Im Mai informierte sich der Innenausschuss des Landtages Sachsen auf einen Antrag der Fraktion der Linken hin mit dem „Umgang mit Opfern rechter Gewalt in Sachsen seit 1990“. Eingeladen waren als Sachverständige neben Vertretern der landeseigenen Opferberatungsstelle auch ExpertInnen der anderen langjährig agierenden Opferberatungsstellen in Deutschland sowie der Amadeu Antonio Stiftung aus Berlin, die sich seit über zehn Jahren darum bemüht, Augenmerk auf die Opfer rechtsextremer Gewalt zu lenken.
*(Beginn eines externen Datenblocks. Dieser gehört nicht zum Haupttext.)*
lemma qCartanB_symmetrizable:
  assumes "l \<in> {1..n}" "j \<in> {1..n}"
  shows "qCartanB n l j * scaleB n j = qCartanB n j l * scaleB n l"
  using assms by (auto simp: qCartanB_def cartanB_def scaleB_def qint_0 qint_neg1 qint_neg2)

lemma is_inverse_on_unique:
  fixes A B1 B2 :: "nat \<Rightarrow> nat \<Rightarrow> 'a::field"
  assumes h1: "is_inverse_on n A B1" and h2: "is_inverse_on n A B2"
  shows "B1 = B2"
proof (intro ext)
  fix i k
  show "B1 i k = B2 i k"
  proof (cases "i \<in> {1..n} \<and> k \<in> {1..n}")
    case False
    then show ?thesis using h1 h2 unfolding is_inverse_on_def by auto
  next
    case True
    have "B1 i k = (\<Sum>j=1..n. if j = k then B1 i j else 0)"
      using True by (simp add: sum.delta')
    also have "\<dots> = (\<Sum>j=1..n. B1 i j * (if j = k then 1 else 0))"
      by (intro sum.cong) auto
    also have "\<dots> = (\<Sum>j=1..n. B1 i j * (\<Sum>l=1..n. A j l * B2 l k))"
      using h2 True unfolding is_inverse_on_def by (intro sum.cong) auto
    also have "\<dots> = (\<Sum>j=1..n. \<Sum>l=1..n. B1 i j * A j l * B2 l k)"
      by (simp add: sum_distrib_left mult.assoc)
    also have "\<dots> = (\<Sum>l=1..n. (\<Sum>j=1..n. B1 i j * A j l) * B2 l k)"
      by (subst sum.swap) (simp add: sum_distrib_right)
    also have "\<dots> = (\<Sum>l=1..n. (if i = l then 1 else 0) * B2 l k)"
      using h1 True unfolding is_inverse_on_def by (intro sum.cong) auto
    also have "\<dots> = (\<Sum>l=1..n. if l = i then B2 l k else 0)"
      by (intro sum.cong) auto
    also have "\<dots> = B2 i k"
      using True by (simp add: sum.delta')
    finally show ?thesis .
  qed
qed

lemma greenB_is_inverse:
  assumes n: "2 \<le> n"
  shows "is_inverse_on n (qCartanB n) (greenB n)"
  unfolding is_inverse_on_def
proof (intro conjI ballI allI impI)
  fix i k assume i: "i \<in> {1..n}" and k: "k \<in> {1..n}"
  have "(\<Sum>j=1..n. qCartanB n i j * greenB n j k)
      = (\<Sum>j=1..n. qCartanB n i j * kernelB n j k) / (scaleB n k * denomB n)"
    unfolding sum_divide_distrib using k by (intro sum.cong) (auto simp: greenB_def)
  also have "\<dots> = (if i = k then 1 else 0)"
    using qCartanB_kernelB[OF n] i k scaleB_denomB_nonzero by auto
  finally show "(\<Sum>j=1..n. qCartanB n i j * greenB n j k) = (if i = k then 1 else 0)" .
  have "greenB n i j * qCartanB n j k = qCartanB n k j * kernelB n j i / (scaleB n k * denomB n)"
    if j: "j \<in> {1..n}" for j
  proof -
    have "qCartanB n j k / scaleB n j = qCartanB n k j / scaleB n k"
      using qCartanB_symmetrizable[OF j k] scaleB_denomB_nonzero[of n j] scaleB_denomB_nonzero[of n k]
      by (simp add: field_simps)
    then show ?thesis
      using i j scaleB_denomB_nonzero[of n j] scaleB_denomB_nonzero[of n k]
      by (simp add: greenB_def kernelB_commute[of n i] field_simps)
  qed
  then have "(\<Sum>j=1..n. greenB n i j * qCartanB n j k)
      = (\<Sum>j=1..n. qCartanB n k j * kernelB n j i) / (scaleB n k * denomB n)"
    unfolding sum_divide_distrib by (intro sum.cong) auto
  also have "\<dots> = (if i = k then 1 else 0)"
    using qCartanB_kernelB[OF n] i k scaleB_denomB_nonzero by auto
  finally show "(\<Sum>j=1..n. greenB n i j * qCartanB n j k) = (if i = k then 1 else 0)" .
next
  fix i j assume "\<not> (i \<in> {1..n} \<and> j \<in> {1..n})"
  then show "greenB n i j = 0" by (auto simp: greenB_def)
qed

lemma invQCartanB_eq_greenB: "2 \<le> n \<Longrightarrow> invQCartanB n = greenB n"
  unfolding invQCartanB_def
  by (rule the_equality) (use greenB_is_inverse is_inverse_on_unique in blast)+

definition in_prog4 :: "int \<Rightarrow> int \<Rightarrow> int \<Rightarrow> bool" where
  "in_prog4 c a m \<longleftrightarrow> c \<le> m \<and> m < c + 4 * a \<and> 4 dvd (m - c)"

definition prog4_series :: "int \<Rightarrow> int \<Rightarrow> 'a::field fls" where
  "prog4_series c a = Abs_fls (\<lambda>m. if in_prog4 c a m then 1 else 0)"

lemma prog4_series_nth: "fls_nth (prog4_series c a) m = (if in_prog4 c a m then 1 else 0)"
  unfolding prog4_series_def by (rule nth_Abs_fls_lower_bound[of c]) (simp add: in_prog4_def)

lemma prog4_series_telescope:
  assumes "0 \<le> a"
  shows "(mon fls_X 4 - 1) * prog4_series c a = mon fls_X (c + 4 * a) - (mon fls_X c :: 'a::field fls)"
proof (rule fls_eqI)
  fix m
  have "in_prog4 c a (m - 4) \<longleftrightarrow> in_prog4 c a m \<and> m \<noteq> c \<or> m = c + 4 * a \<and> 0 < a"
    "m = c \<Longrightarrow> in_prog4 c a m \<longleftrightarrow> 0 < a" "m = c + 4 * a \<Longrightarrow> \<not> in_prog4 c a m"
    using assms unfolding in_prog4_def by presburger+
  then show "fls_nth ((mon fls_X 4 - 1) * prog4_series c a) m
      = fls_nth (mon fls_X (c + 4 * a) - mon fls_X c) m"
    using assms by (auto simp: left_diff_distrib mon_fls_X_times_nth prog4_series_nth mon_fls_X_nth)
qed

lemma in_prog4_bounds: "in_prog4 c a m \<Longrightarrow> c \<le> m \<and> m \<le> c + 4 * a - 4"
  unfolding in_prog4_def by presburger

lemma in_prog4_parity: "in_prog4 c a m \<Longrightarrow> even m \<longleftrightarrow> even c"
  unfolding in_prog4_def by presburger

lemma in_prog4_disjoint: "\<not> 4 dvd (c - c') \<Longrightarrow> \<not> (in_prog4 c a m \<and> in_prog4 c' a' m)"
  unfolding in_prog4_def by presburger

lemma in_prog4_reflect: "c + c' + 4 * a - 4 = N \<Longrightarrow> in_prog4 c a (N - m) \<longleftrightarrow> in_prog4 c' a m"
  unfolding in_prog4_def by presburger

lemma in_prog4_pair_iff:
  fixes n i j k :: int
  assumes "1 \<le> i" "i < n" "1 \<le> j" "j \<le> n" "0 \<le> k" "k \<le> n - 1"
  shows "in_prog4 (2 * max j i - 2 * min j i + 2) (min j i) (2 * k)
       \<or> in_prog4 (4 * n - 2 * max j i - 2 * min j i) (min j i) (2 * k)
     \<longleftrightarrow> (i + 1 \<le> k + j \<and> k + j \<le> 2 * n - i - 1 \<and> 1 - i \<le> k - j \<and> k - j \<le> i - 1
          \<and> (k + j) - (i + 1) \<ge> 0 \<and> even ((k + j) - (i + 1))
          \<and> (k - j) - (1 - i) \<ge> 0 \<and> even ((k - j) - (1 - i)))
        \<or> 2 * n - i \<le> k + j"
proof -
  \<comment> \<open>2k lies in the residue class mod 4 of the first progression iff e holds, of the second iff not.\<close>
  define e where "e \<longleftrightarrow> even (k + i + j + 1)"
  have "4 dvd (2 * k - (2 * max j i - 2 * min j i + 2)) \<longleftrightarrow> e"
    "4 dvd (2 * k - (4 * n - 2 * max j i - 2 * min j i)) \<longleftrightarrow> \<not> e"
    "even (k + j - (i + 1)) \<longleftrightarrow> e" "even (k - j - (1 - i)) \<longleftrightarrow> e"
    unfolding e_def max_def min_def by presburger+
  moreover have "e \<Longrightarrow> k \<noteq> j + i \<and> k \<noteq> 2 * n - i - j"
    unfolding e_def by presburger
  ultimately show ?thesis
    using assms unfolding in_prog4_def by (cases e; auto simp: max_def min_def)
qed

lemma fls_nth_div_one_plus_mon:
  fixes P :: "'a::field fls"
  assumes N: "0 < N" and P: "\<And>m. m < 0 \<or> N \<le> m \<Longrightarrow> fls_nth P m = 0"
  shows "fls_nth (P / (1 + mon fls_X N)) m
    = (if m < 0 then 0 else (-1) ^ nat (m div N) * fls_nth P (m mod N))"
proof -
  define G where "G = Abs_fls (\<lambda>m. if m < 0 then 0 else (-1) ^ nat (m div N) * fls_nth P (m mod N))"
  have G: "fls_nth G m = (if m < 0 then 0 else (-1) ^ nat (m div N) * fls_nth P (m mod N))" for m
    unfolding G_def by (rule nth_Abs_fls_lower_bound[of 0]) simp
  have "G * (1 + mon fls_X N) = P"
  proof (rule fls_eqI)
    fix m
    show "fls_nth (G * (1 + mon fls_X N)) m = fls_nth P m"
    proof (cases "m < N")
      case True
      then show ?thesis
        using N P[of m] by (simp add: distrib_left mult.commute[of G] mon_fls_X_times_nth G)
    next
      case False
      have "m div N = (m - N) div N + 1" "m mod N = (m - N) mod N"
        using div_add_self2[of N "m - N"] mod_add_self2[of "m - N" N] N by simp_all
      moreover have "0 \<le> (m - N) div N"
        using False N by (simp add: pos_imp_zdiv_nonneg_iff)
      ultimately show ?thesis
        using False N P[of m] by (simp add: distrib_left mult.commute[of G] mon_fls_X_times_nth G nat_add_distrib)
    qed
  qed
  moreover have "1 + mon fls_X N \<noteq> (0 :: 'a fls)"
    by (rule fls_nonzeroI[of _ 0]) (use N in \<open>simp add: mon_fls_X_nth\<close>)
  ultimately show ?thesis
    using G by (metis nonzero_mult_div_cancel_right)
qed

definition numB :: "nat \<Rightarrow> nat \<Rightarrow> nat \<Rightarrow> rat fls" where
  "numB n j i = (if i < n then
      prog4_series (2 * max (int j) (int i) - 2 * min (int j) (int i) + 2) (min (int j) (int i))
      + prog4_series (4 * int n - 2 * max (int j) (int i) - 2 * min (int j) (int i)) (min (int j) (int i))
    else prog4_series (2 * int n + 1 - 2 * int j) (int j))"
Ziel der Anhörung sollte sein, eine zukünftige Strategie für den Umgang mit Opfern rechtsextremer Gewalt zu finden.

Von Simone Rafael

Heike Kleffner, Journalistin und Mitglied im Beirat der Mobilen Opferberatung in Sachsen-Anhalt, sprach über die Wichtigkeit, rechtsextreme Gewalttaten auch als solche zu klassifizieren. Sie selbst hat mit weiteren Journalisten 2010 eine Liste mit 137 Todesopfern rechtsextremer Gewalt recherchiert – gemäß der PMK-rechts-Definition, die seit 2001 bundesweit Gültigkeit hat. Durch diese Definition können nicht nur Straftaten als rechtsextrem klassifizier t werden, die den politischen Willensbildungsprozess beeinflussen sollen, der Erreichung politischer Ziele dienen oder sich gegen die freiheitlich-demokratische Grundordnung richten. Sondern auch solche, die sich gegen Angehörige gesellschaftlicher Minderheiten richten, weil sie Angehörige der Minderheit sind. Allerdings, so wies Kleffner hin, ist die Dunkelziffer bei rechtsextremen, rassistischen oder antisemitischen Taten erschreckend hoch: Wie eine Studie der Grundrechteagentur der Europäischen Union belegt, wenden sich nur 20 Prozent der von rassistischer Gewalt Betroffenen an die Polizei. Kleffner regte an, die in Sachsen seit 1990 erfassten Tötungsdelikte noch einmal überprüfen solle – Kleffner nannte fünf Fälle, bei denen die offizielle Anerkennung noch aussteht.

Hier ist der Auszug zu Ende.